Many of the things Trump says about coal, climate change and the environment “bear a strained relationship with the truth”, says a New York Times factcheck. The feature investigates five of the US president’s most prominent climate and environmental claims as president, from stating that coal has made a comeback to claiming that the Paris Agreement was binding. “These exaggerations have become common refrains for the president”, the piece concludes, “but he appears to have dropped some of his previous assertions since taking office”, such as “calling climate change a hoax, at least in public statements”.
Scott Pruitt, administrator for the US Environmental Protection Agency, is considering an adversarial approach to finding answers about climate change, where two scientific teams would go head-to-head in a debate of some sort. But it’s “not at all clear” that this “spurious ‘red team–blue team’ debate” will advance that goal, says an editorial in Nature. The piece points out that the “exercise could create the false impression that there is a debate in the scientific community about the fundamentals, when in fact researchers are busy trying to work out an array of (very important) details and bolster confidence in their projections”. Instead the Trump administration should follow the “time-tested process” of submitting its questions to the national academy, the editorial concludes.

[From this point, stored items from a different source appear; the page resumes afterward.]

lemma mset_labs_replace_at:
  "subtree_at p t = Some s \<Longrightarrow>
   mset (labs (replace_at p u t)) + mset (labs s) = mset (labs t) + mset (labs u)"
proof (induction p arbitrary: t)
  case (Cons j p)
  then obtain a ts where t: "t = Node a ts" and j: "j < length ts"
    and sj: "subtree_at p (ts ! j) = Some s"
    by (cases t) (auto split: if_splits)
  let ?f = "\<lambda>t. mset (labs t)"
  let ?y = "replace_at p u (ts ! j)"
  have "sum_list (map ?f (ts[j := ?y])) + ?f (ts ! j) = sum_list (map ?f ts) + ?f ?y"
    using sum_list_update_add[of j "map ?f ts" "?f ?y"] j by (simp add: map_update)
  moreover have "?f ?y + ?f s = ?f (ts ! j) + ?f u" using Cons.IH[OF sj] .
  ultimately have "sum_list (map ?f (ts[j := ?y])) + ?f s + ?f (ts ! j) =
      sum_list (map ?f ts) + ?f u + ?f (ts ! j)"
    by (metis add.assoc add.commute)
  then have "sum_list (map ?f (ts[j := ?y])) + ?f s = sum_list (map ?f ts) + ?f u"
    by simp
  then show ?case using t by (simp add: mset_concat comp_def)
qed (simp add: add.commute)

lemma prune_notin: "x \<notin> set (labs t) \<Longrightarrow> prune x t = t"
  by (induction t) (auto intro: map_idI)

lemma prune_replace_at:
  "subtree_at p t = Some Leaf \<Longrightarrow> x \<notin> set (labs t) \<Longrightarrow> prune x (replace_at p (Node x us) t) = t"
proof (induction p arbitrary: t)
  case (Cons j p)
  then obtain a ts where t: "t = Node a ts" and j: "j < length ts"
    and sj: "subtree_at p (ts ! j) = Some Leaf"
    by (cases t) (auto split: if_splits)
  have "map (prune x) ts = ts" using Cons.prems t by (auto intro!: map_idI prune_notin)
  moreover have "prune x (replace_at p (Node x us) (ts ! j)) = ts ! j"
    using Cons.IH[OF sj] Cons.prems t j by auto
  ultimately show ?case using Cons.prems t j by (auto simp: map_update)
qed simp

lemma leaf_positions_Leaf: "leaf_positions Leaf = {[]}"
proof (rule set_eqI)
  show "p \<in> leaf_positions Leaf \<longleftrightarrow> p \<in> {[]}" for p
    by (cases p) (auto simp: leaf_positions_def)
qed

The Barents Sea region of the Arctic, north of Finland and western Russia, has seen dramatic sea ice loss over the past few decades. A new study combines observations since 1850 with climate model simulations to examine the recent record low winter Barents Sea ice extent. They find that current winter sea ice extent is 66% lower than it was prior to 1979, and is also much lower than suggested by all climate models assessed. This sea ice loss is unprecedented in the observational record. Climate model projections suggest a winter ice-free Barents Sea between 2061–2088. The large spread in projections of ice-free conditions highlights the importance of internal variability in driving recent and future sea ice loss.